NEWPORT BEACH, CALIF. — Disease stage stabilized or improved in 81 of 90 adolescents who were treated for endometriosis with combined surgical and medical therapy, according to results of a retrospective study.
The goals of treating endometriosis in adolescents generally are to control pain, prevent disease progression, and preserve fertility. This study is the first to show that a combined surgical/medical approach to treating endometriosis in adolescents retards disease progression, Dr. Joseph O. Doyle said at the annual meeting of the North American Society for Pediatric and Adolescent Gynecology.
These findings are important because they support a strategy of early intervention and treatment to control pain and prevent progression. Some treatments may impair the fertility of these patients, said Dr. Doyle of Brigham and Women's Hospital, Boston.
The subjects had a mean age of 17 years (range, 12–24 years) and had undergone two laparoscopies separated by a median of 29 months (range, 6–112 months), allowing the researchers to assess disease progression over time.
They underwent the initial laparoscopy for pelvic pain that did not improve adequately after at least 3 months of medical treatment with cyclical hormonal therapy and nonsteroidal anti-inflammatory drugs. Endometriosis was confirmed on laparoscopy, during which the surgeon destroyed any endometrial lesions that were observed and lysed any adhesions.
Patients were then treated medically with continuous combined oral contraceptives (82 patients), continuous progesterone-only therapy (11 patients), or continuous GnRH agonists (70 patients). Some patients tried more than one medical therapy to control pain.

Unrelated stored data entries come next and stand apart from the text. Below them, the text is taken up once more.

lemma set_mult_avoid:
  assumes A: "A \<subseteq> carrier G" "aperiodic A" and p: "p \<in> carrier G"
  shows "A <#> avoid p A = carrier G - {p}"
proof
  have "avoid p A \<subseteq> carrier G"
    by (auto simp: avoid_def)
  then show "A <#> avoid p A \<subseteq> carrier G - {p}"
    using set_mult_closed[OF A(1)] not_in_set_mult_avoid[OF A(1) p] by blast
  show "carrier G - {p} \<subseteq> A <#> avoid p A"
  proof
    fix w assume w: "w \<in> carrier G - {p}"
    show "w \<in> A <#> avoid p A"
    proof (rule ccontr)
      assume w_notin: "w \<notin> A <#> avoid p A"
      have "x \<otimes> (p \<otimes> inv w) \<in> A" if x: "x \<in> A" for x
      proof -
        have xc: "x \<in> carrier G"
          using x A by auto
        then have "x \<otimes> (w \<otimes> inv x) = w"
          using w by (simp add: mult_inv_cancel)
        then have "w \<otimes> inv x \<notin> avoid p A"
          using w_notin set_multI[OF x, of "w \<otimes> inv x" "avoid p A" G] by auto
        then obtain x' where x': "x' \<in> A" "w \<otimes> inv x = p \<otimes> inv x'"
          using xc w by (auto simp: avoid_def)
        have x'c: "x' \<in> carrier G"
          using x' A by auto
        have "w \<otimes> x' = p \<otimes> x"
          using x'(2) xc x'c w p div_eq_div_iff by simp
        then have "x' = x \<otimes> p \<otimes> inv w"
          using xc x'c w p inv_solve_right[of x' "x \<otimes> p" w] by (simp add: m_comm)
        with x' xc w p show ?thesis
          by (simp add: m_assoc)
      qed
      then have "p \<otimes> inv w = \<one>"
        using A p w unfolding aperiodic_def by simp
      then show False
        using p w inv_solve_right'[of \<one> p w] by simp
    qed
  qed
qed

lemma translation_stable_Diff:
  assumes "finite (carrier G)" "Y \<subseteq> carrier G" "s \<in> carrier G" "\<forall>y\<in>Y. y \<otimes> s \<in> Y"
    and "x \<in> carrier G - Y"
  shows "x \<otimes> s \<in> carrier G - Y"
proof -
  have "inj_on (\<lambda>y. y \<otimes> s) Y"
  proof (rule inj_onI)
    fix y z assume yz: "y \<in> Y" "z \<in> Y" "y \<otimes> s = z \<otimes> s"
    then have "y \<in> carrier G" "z \<in> carrier G"
      using assms(2) by auto
    with yz(3) assms(3) show "y = z"
      by simp
  qed
  moreover have "finite Y"
    using finite_subset[OF assms(2,1)] .
  moreover have "(\<lambda>y. y \<otimes> s) ` Y \<subseteq> Y"
    using assms(4) by auto
  ultimately have "(\<lambda>y. y \<otimes> s) ` Y = Y"
    using endo_inj_surj by blast
  have "x \<otimes> s \<notin> Y"
  proof
    assume "x \<otimes> s \<in> Y"
    then have "x \<otimes> s \<in> (\<lambda>y. y \<otimes> s) ` Y"
      using \<open>(\<lambda>y. y \<otimes> s) ` Y = Y\<close> by simp
    then obtain y where y: "y \<in> Y" "x \<otimes> s = y \<otimes> s"
      by blast
    moreover have "y \<in> carrier G" "x \<in> carrier G"
      using y(1) assms by auto
    ultimately have "x = y"
      using assms(3) by simp
    with y assms show False
      by simp
  qed
  then show ?thesis
    using assms by simp
qed

lemma aperiodic_avoid:
  assumes fin: "finite (carrier G)" and A: "A \<subseteq> carrier G" "aperiodic A" and p: "p \<in> carrier G"
  shows "aperiodic (avoid p A)"
  unfolding aperiodic_def
proof (intro ballI impI)
  fix s assume s: "s \<in> carrier G" "\<forall>y\<in>avoid p A. y \<otimes> s \<in> avoid p A"
  have compl: "carrier G - avoid p A = (\<lambda>x. p \<otimes> inv x) ` A"
    using A p by (auto simp: avoid_def)
  have "x \<otimes> inv s \<in> A" if x: "x \<in> A" for x
  proof -
    have xc: "x \<in> carrier G"
      using x A by auto
    then have "p \<otimes> inv x \<in> carrier G - avoid p A"
      using compl x by auto
    then have "p \<otimes> inv x \<otimes> s \<in> (\<lambda>x. p \<otimes> inv x) ` A"
      using translation_stable_Diff[OF fin _ s] compl by (auto simp: avoid_def)
    then obtain x' where x': "x' \<in> A" "p \<otimes> s \<otimes> inv x = p \<otimes> inv x'"
      using xc s p by (auto simp: m_ac)
    have x'c: "x' \<in> carrier G"
      using x' A by auto
    have "p \<otimes> s \<otimes> x' = p \<otimes> x"
      using x'(2) xc x'c s p div_eq_div_iff by simp
    then have "x = s \<otimes> x'"
      using xc x'c s p by (simp add: m_assoc)
    then have "x \<otimes> inv s = x'"
      using x'c s by (simp add: m_assoc mult_inv_cancel)
    with x' show ?thesis
      by simp
  qed
  moreover have "inv s \<in> carrier G"
    using s by simp
  ultimately have "inv s = \<one>"
    using A(2) unfolding aperiodic_def by blast
  then show "s = \<one>"
    using s by simp
qed

text \<open>\<open>fill_le\<close> is defined from the monoid structure alone, so it is invariant under automorphisms;
  by \<open>fill_le_imp_translate\<close> it forces \<open>B\<close> into a translate of \<open>A\<close>.\<close>

definition fill_le :: "'a set \<Rightarrow> 'a set \<Rightarrow> bool" where
  "fill_le B A \<longleftrightarrow> (\<forall>C\<in>P0. B <#> C = carrier G \<longrightarrow> A <#> C = carrier G)"

lemma fill_le_subset:
  assumes "B \<subseteq> A" "A \<subseteq> carrier G"
  shows "fill_le B A"
  unfolding fill_le_def
proof (intro ballI impI)
  fix C assume "C \<in> P0" "B <#> C = carrier G"
  then show "A <#> C = carrier G"
    using mono_set_mult[OF assms(1), of C C G] set_mult_closed[OF assms(2), of C] by auto
qed

lemma fill_le_imp_translate:
  assumes le: "fill_le B A" and A: "A \<in> P0" "A \<noteq> carrier G" and B: "B \<subseteq> carrier G"
  obtains s where "s \<in> carrier G" "\<forall>y\<in>B. \<exists>x\<in>A. y = x \<otimes> s"
proof -
  obtain g where g: "g \<in> carrier G" "g \<notin> A"
    using A by auto
  let ?C = "avoid g A"
  have C: "?C \<in> P0"
    using avoid_in_P0 A g by simp
  have "A <#> ?C \<noteq> carrier G"
    using not_in_set_mult_avoid[of A g] A g by auto
  then have "B <#> ?C \<noteq> carrier G"
    using le C unfolding fill_le_def by blast
  moreover have "B <#> ?C \<subseteq> carrier G"
    using set_mult_closed[of B ?C] B C by simp
  ultimately obtain u where u: "u \<in> carrier G" "u \<notin> B <#> ?C"
    by blast
  have "\<exists>x\<in>A. y = x \<otimes> (u \<otimes> inv g)" if y: "y \<in> B" for y
  proof -
    have yc: "y \<in> carrier G"
      using y B by auto
    then have "y \<otimes> (u \<otimes> inv y) = u"
      using u by (simp add: mult_inv_cancel)
    then have "u \<otimes> inv y \<notin> ?C"
      using u set_multI[OF y, of "u \<otimes> inv y" ?C G] by auto
    then obtain x where x: "x \<in> A" "u \<otimes> inv y = g \<otimes> inv x"
      using u yc by (auto simp: avoid_def)
    have xc: "x \<in> carrier G"
      using x A by auto
    have "u \<otimes> x = g \<otimes> y"
      using x(2) u yc g xc div_eq_div_iff by simp
    then have "y = x \<otimes> u \<otimes> inv g"
      using u yc g xc inv_solve_right[of y "x \<otimes> u" g] by (simp add: m_comm)
    with x xc u g show ?thesis
      by (auto simp: m_assoc)
  qed
  moreover have "u \<otimes> inv g \<in> carrier G"
    using u g by simp
  ultimately show thesis
    using that by blast
qed

lemma fill_le_imp_quotient:
  assumes le: "fill_le B A" and A: "A \<in> P0" "A \<noteq> carrier G" and B: "B \<in> P0" "b \<in> B"
  obtains x y where "x \<in> A" "y \<in> A" "b = x \<otimes> inv y"
proof -
  obtain s where s: "s \<in> carrier G" "\<forall>y\<in>B. \<exists>x\<in>A. y = x \<otimes> s"
    using fill_le_imp_translate[OF le A] B by auto
  then obtain x y where xy: "x \<in> A" "b = x \<otimes> s" "y \<in> A" "\<one> = y \<otimes> s"
    using B by blast
  moreover have "inv y = s"
    using xy A s inv_equality[of s y] by (auto simp: m_comm)
  ultimately show thesis
    using that by simp
qed

lemma set_mult_involution_pair:
  assumes "t \<in> carrier G" "t \<otimes> t = \<one>"
  shows "{\<one>, t} <#> {\<one>, t} = {\<one>, t}"
proof
  show "{\<one>, t} <#> {\<one>, t} \<subseteq> {\<one>, t}"
    using assms by (auto elim!: set_multE)
  show "{\<one>, t} \<subseteq> {\<one>, t} <#> {\<one>, t}"
    using subset_set_mult[of "{\<one>, t}" "{\<one>, t}"] assms by simp
qed

lemma fill_le_involution_pair:
  assumes t: "t \<in> carrier G" "t \<otimes> t = \<one>" and E: "{\<one>, t} \<noteq> carrier G"
    and S: "S \<in> P0" "fill_le S {\<one>, t}"
  shows "S \<subseteq> {\<one>, t}"
proof
  fix s assume "s \<in> S"
  moreover have "{\<one>, t} \<in> P0"
    using t by simp
  ultimately obtain x y where "x \<in> {\<one>, t}" "y \<in> {\<one>, t}" "s = x \<otimes> inv y"
    using fill_le_imp_quotient[OF S(2) _ E S(1)] by blast
  then show "s \<in> {\<one>, t}"
    using t involution_inv[OF t] by auto
qed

They underwent the second laparoscopy because of persistent pain. “Our … study did not include anyone who had one laparoscopy, received their medical portion of treatment, and had adequate treatment response,” Dr. Doyle said. “We potentially excluded a large proportion of the treatment effect and biased our population toward those with more progressive disease,” yet little disease progression was seen with combined therapy.
The median stage of endometriosis at both the first and second laparoscopy was stage I, using the revised grading system of the American Society for Reproductive Medicine. Most patients had minimal (stage I) or mild (stage II) disease, and no patient had worse than stage III (moderate) disease.
One patient (1%) showed a two-stage improvement in endometriosis at the second laparoscopy, 17 (19%) improved by one stage, 63 patients (70%) had no change in stage; in 9 patients (10%), endometriosis worsened by one stage.
Statistical analysis showed a significant association between stages at first and second laparoscopies after adjusting for the effects of age at first laparoscopy, the interval between laparoscopies, and the type of hormonal therapy used, which “reflects our finding that 70% of patients had stable disease,” he said.
Regardless of the disease stage at the first laparoscopy, there were no statistical trends toward disease progression, but a significant likelihood (especially in patients with stage II or III disease) of improvement in endometriosis by the second surgery.
Patients with other or additional pelvic or abdominal pathologies besides endometriosis, those with a history of prior surgeries or pregnancies, and those with significant medical histories, were excluded.